## WHAT YOU SHOULD DO:
From the data that follows, print exactly the lines starting at the one containing "unfolding c_def by (rule ip_cnj)" and ending at the one containing "n = complex_of_real"; include both of them and nothing more.
(Beginning of SOURCE DATA)
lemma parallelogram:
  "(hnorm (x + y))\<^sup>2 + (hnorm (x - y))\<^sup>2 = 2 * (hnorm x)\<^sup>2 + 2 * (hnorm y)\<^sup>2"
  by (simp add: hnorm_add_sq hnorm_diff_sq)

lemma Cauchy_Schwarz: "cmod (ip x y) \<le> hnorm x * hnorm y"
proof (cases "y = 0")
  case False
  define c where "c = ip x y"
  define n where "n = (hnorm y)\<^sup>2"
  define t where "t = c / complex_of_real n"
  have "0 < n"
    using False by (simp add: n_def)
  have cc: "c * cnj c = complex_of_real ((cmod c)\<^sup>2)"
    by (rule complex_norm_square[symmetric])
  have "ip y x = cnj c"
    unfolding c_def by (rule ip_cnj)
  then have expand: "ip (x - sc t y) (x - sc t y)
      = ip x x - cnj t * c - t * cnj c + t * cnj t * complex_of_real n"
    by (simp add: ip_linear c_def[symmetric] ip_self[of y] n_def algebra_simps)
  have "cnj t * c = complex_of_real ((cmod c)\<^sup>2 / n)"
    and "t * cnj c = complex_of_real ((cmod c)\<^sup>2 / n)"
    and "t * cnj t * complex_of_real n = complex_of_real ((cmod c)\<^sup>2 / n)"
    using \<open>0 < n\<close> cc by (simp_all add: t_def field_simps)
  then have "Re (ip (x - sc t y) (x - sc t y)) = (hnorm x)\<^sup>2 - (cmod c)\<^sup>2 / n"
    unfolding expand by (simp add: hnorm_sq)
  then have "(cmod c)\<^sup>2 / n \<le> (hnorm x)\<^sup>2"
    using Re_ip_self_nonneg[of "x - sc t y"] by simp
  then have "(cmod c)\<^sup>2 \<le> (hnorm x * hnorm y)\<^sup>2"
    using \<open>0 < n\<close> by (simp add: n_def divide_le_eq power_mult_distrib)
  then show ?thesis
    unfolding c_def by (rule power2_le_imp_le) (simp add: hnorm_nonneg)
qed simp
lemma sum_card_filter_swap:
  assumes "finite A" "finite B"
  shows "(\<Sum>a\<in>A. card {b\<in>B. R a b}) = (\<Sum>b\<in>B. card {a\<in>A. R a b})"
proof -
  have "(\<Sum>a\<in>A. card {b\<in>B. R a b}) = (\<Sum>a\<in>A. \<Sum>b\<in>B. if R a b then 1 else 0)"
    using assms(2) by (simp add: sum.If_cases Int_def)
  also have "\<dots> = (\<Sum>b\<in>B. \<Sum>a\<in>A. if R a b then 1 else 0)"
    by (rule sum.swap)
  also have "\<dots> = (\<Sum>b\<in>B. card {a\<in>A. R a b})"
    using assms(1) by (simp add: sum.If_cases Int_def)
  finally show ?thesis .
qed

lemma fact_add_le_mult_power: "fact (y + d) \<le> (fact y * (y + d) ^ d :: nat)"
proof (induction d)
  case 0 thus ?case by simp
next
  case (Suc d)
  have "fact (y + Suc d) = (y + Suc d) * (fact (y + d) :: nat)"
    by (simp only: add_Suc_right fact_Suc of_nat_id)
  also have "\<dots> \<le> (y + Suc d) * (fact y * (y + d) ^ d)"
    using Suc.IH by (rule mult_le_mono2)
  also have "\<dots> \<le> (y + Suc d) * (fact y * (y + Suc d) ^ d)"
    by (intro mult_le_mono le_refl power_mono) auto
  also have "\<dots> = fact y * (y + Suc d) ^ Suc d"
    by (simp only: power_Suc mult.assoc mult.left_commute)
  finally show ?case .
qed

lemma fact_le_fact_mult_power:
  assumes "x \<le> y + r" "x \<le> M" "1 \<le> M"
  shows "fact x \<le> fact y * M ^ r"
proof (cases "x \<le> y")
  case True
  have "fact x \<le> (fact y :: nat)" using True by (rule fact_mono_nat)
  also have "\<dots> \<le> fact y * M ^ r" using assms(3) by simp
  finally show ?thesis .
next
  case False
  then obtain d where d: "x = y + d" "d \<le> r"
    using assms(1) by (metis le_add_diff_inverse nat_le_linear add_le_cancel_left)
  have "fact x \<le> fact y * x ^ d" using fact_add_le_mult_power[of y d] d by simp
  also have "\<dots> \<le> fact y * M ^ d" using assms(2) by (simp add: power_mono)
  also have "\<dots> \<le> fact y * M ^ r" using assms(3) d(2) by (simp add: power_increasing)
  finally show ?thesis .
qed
(End of SOURCE DATA)
## RESULT:
    unfolding c_def by (rule ip_cnj)
  then have expand: "ip (x - sc t y) (x - sc t y)
      = ip x x - cnj t * c - t * cnj c + t * cnj t * complex_of_real n"
    by (simp add: ip_linear c_def[symmetric] ip_self[of y] n_def algebra_simps)
  have "cnj t * c = complex_of_real ((cmod c)\<^sup>2 / n)"
    and "t * cnj c = complex_of_real ((cmod c)\<^sup>2 / n)"
    and "t * cnj t * complex_of_real n = complex_of_real ((cmod c)\<^sup>2 / n)"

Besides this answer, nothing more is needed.